Applying Animation

Take animation and apply it to your characters.

Overview

We've made strides to implement an animation transfer system and in its current form we feel that it can automate transfers from many types of animation to various sizes of characters. This does not replace accurate animation and rigging and animating of bones, it does offer a system where a simplistic transfer of animation can happen and deliver results for a muscle simulation. This is a work in progress since we will value your feedback on this system.

Node Structure

This part of the toolset is designed to fit into Houdini's existing workflow with KineFX. It enables users to take multiple characters and multiple animations, transfer the animation to each character with it prepared for simulation and save out files for each character and animation variation.

TOPs and Local Variables

In the Character tab and Animation tab we have index parameters. These enable you to choose your current character or animation to view through the toolset. The default value is however a local variable, @char_index and @anim_index respectively. These default values are used with TOPs and could be deleted if you want to control these values.
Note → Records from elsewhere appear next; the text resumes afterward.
lemma least_squares_fit_damped_moments:
  assumes "cond1 f" "cond2b f" "0 < p'" "p' < p"
    and "(LBINT r:{0..}. conv_gauss f p r * (1 - 2 * p' * r\<^sup>2) * r * exp (- p' * r\<^sup>2)) = 0"
  shows "damped_moment f 0 (p * p' / (p + p'))
    = 2 * p\<^sup>2 * p' / ((p + p') * (p - p')) * damped_moment f 2 (p * p' / (p + p'))"
proof -
  have nz: "p + p' \<noteq> 0" "p - p' \<noteq> 0"
    using assms(3,4) by auto
  have eq: "(p - p') / (p + p') * damped_moment f 0 (p * p' / (p + p'))
      = 2 * p' * p\<^sup>2 / (p + p')\<^sup>2 * damped_moment f 2 (p * p' / (p + p'))"
    using fit_integral_eq_damped_moments[OF assms(1,2), of p p'] assms(3-5) by simp
  have "damped_moment f 0 (p * p' / (p + p'))
      = (p + p') / (p - p') * ((p - p') / (p + p') * damped_moment f 0 (p * p' / (p + p')))"
    using nz by simp
  also have "\<dots> = (p + p') / (p - p') * (2 * p' * p\<^sup>2 / (p + p')\<^sup>2) * damped_moment f 2 (p * p' / (p + p'))"
    unfolding eq by simp
  also have "(p + p') / (p - p') * (2 * p' * p\<^sup>2 / (p + p')\<^sup>2) = 2 * p\<^sup>2 * p' / ((p + p') * (p - p'))"
  proof -
    have "x / y * (c / x\<^sup>2) = c / (x * y)" if "x \<noteq> 0" "y \<noteq> 0" for x y c :: real
      using that by (simp add: field_simps power2_eq_square)
    from this[OF nz, where c="2 * p' * p\<^sup>2"] show ?thesis
      by (simp only: ac_simps)
  qed
  finally show ?thesis .
qed

lemma radial_moment_series_from_conditions:
  assumes "cond1 f" "cond2b f" "s > 0"
  shows "(\<lambda>n. radial_moment f (2 * n) * (- s) ^ n / fact n) sums damped_moment f 0 s"
    and "(\<lambda>n. radial_moment f (2 * n + 2) * (- s) ^ n / fact n) sums damped_moment f 2 s"
proof -
  have f_nonneg: "\<And>r. r \<ge> 0 \<Longrightarrow> 0 \<le> f r"
    using assms(1) unfolding cond1_def by auto
  have moments: "\<And>n. moment_exists f (2 * n)"
    and growth: "(\<lambda>m. radial_moment f m powr (1 / real m)) \<in> o(\<lambda>m. sqrt (real m))"
    using assms(2) unfolding cond2b_def by auto
  note c_nonneg = radial_moment_nonneg[OF f_nonneg]
  show "(\<lambda>n. radial_moment f (2 * n) * (- s) ^ n / fact n) sums damped_moment f 0 s"
    using radial_moment_series[OF f_nonneg, where k=0 and s=s] moments
      summable_even_moment_series[OF c_nonneg growth, of s] assms(3) by simp
  show "(\<lambda>n. radial_moment f (2 * n + 2) * (- s) ^ n / fact n) sums damped_moment f 2 s"
    using radial_moment_series[OF f_nonneg, where k=2 and s=s] moments[of "Suc _"]
      summable_even_moment_series_shift[OF c_nonneg growth assms(3)] assms(3) by simp
qed

theorem mainTheorem2:
  fixes f :: "real \<Rightarrow> real" and p p' :: real
  assumes "cond1 f" and "cond2b f"
    and "p > 0" and "0 < p'" and "p' < p"
    and "(LBINT r:{0..}. conv_gauss f p r * (1 - 2 * p' * r\<^sup>2) * r * exp (- p' * r\<^sup>2)) = 0"
  shows "(\<lambda>n. radial_moment f (2 * n) * gamma_conv p p' ^ (2 * n) * ln 2 ^ n / fact n *
            (\<Sum>k=0..n. (-1) ^ (n - k) * real (n choose k) * ((beta_ratio p p')\<^sup>2 - 2 * real k)
               * (beta_ratio p p' powi (2 * int n - 2))
               * (((beta_ratio p p')\<^sup>2 + 1) / ((beta_ratio p p')\<^sup>2 + 2)) ^ k)) sums 0"
proof -
  define s where "s = p * p' / (p + p')"
  define D where "D = 2 * p\<^sup>2 * p' / ((p + p') * (p - p'))"
  define d where "d n = (if n = 0 then 0 else radial_moment f (2 * n) * (- s) ^ (n - 1) / fact (n - 1))" for n
  have "s > 0"
    using assms by (simp add: s_def)
  note series = radial_moment_series_from_conditions[OF assms(1,2) this]
  have "(\<lambda>n. d (Suc n)) sums damped_moment f 2 s"
    using series(2) by (simp add: d_def)
  from sums_Suc[OF this] series(1) d_def[of 0] have "(\<lambda>n. radial_moment f (2 * n) * (- s) ^ n / fact n - D * d n)
      sums (damped_moment f 0 s - D * damped_moment f 2 s)"
    by (auto intro: sums_diff sums_mult)
  also have "damped_moment f 0 s - D * damped_moment f 2 s = 0"
    using least_squares_fit_damped_moments[OF assms(1,2,4,5,6)] by (simp add: s_def D_def)
  finally show ?thesis
    unfolding series_term_closed_form[OF assms(4,5)] by (simp only: s_def D_def d_def)
qed

end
Timeline, Preroll and Your Animation Clip

Procedural Anatomy doesn’t expect a certain range but it is setup to use frames as the default way to count for simulations. The alternative, time ($T) should be acceptable but is untested at the moment. In the future we would like to support both but frames will stay Procedural Anatomy’s preferred count format for the foreseeable future.

T-Pose / Rest Frames

These frames fall ahead of the start of your animation and define when the character will be at a rest state or t-pose state depending on the animation.

For muscle simulation you always need to start from the rest state and for animation matching, this is also known as Preroll. You can use as many or as few frames as you want, 30 frames at 24fps solves quickly to the first animation frame. The reason we blend so much is to allow the muscles to loosen and then flex into position before the first few frames of animation.

Typically we start our animations re-mapped to the starting frame to frame 1001. This is because we can then step backwards 30 frames (to frame 971 as our T-Pose/Rest frame) and not have negative numbers as if we started at frame 1 (to frame -29). This is important because our system is not designed to support negative frame numbers.

Example:

  • T-Pose Frame - 0971

  • Animation Start Frame - 1001

  • Animation End Frame - 1390 (or whatever the duration of your file is)

Frame Ranges and Number Padding

We recommend using frame numbers with at least 4 digit number padding. This means your animation should either have leading zeros or start after frame 1000.

How T-Pose And Rest Pose Work

T-Pose and Rest Pose are used at the same time but work in two different ways. T-Pose is used in animation and motion capture files as a rest position or for retargeting animation. Rest pose in procedural Anatomy is the pose from the Anatomy Output. We smoothly interpolate between the T-Pose or Animation Start Frame and the same for Rest Pose and Animation Start Frame.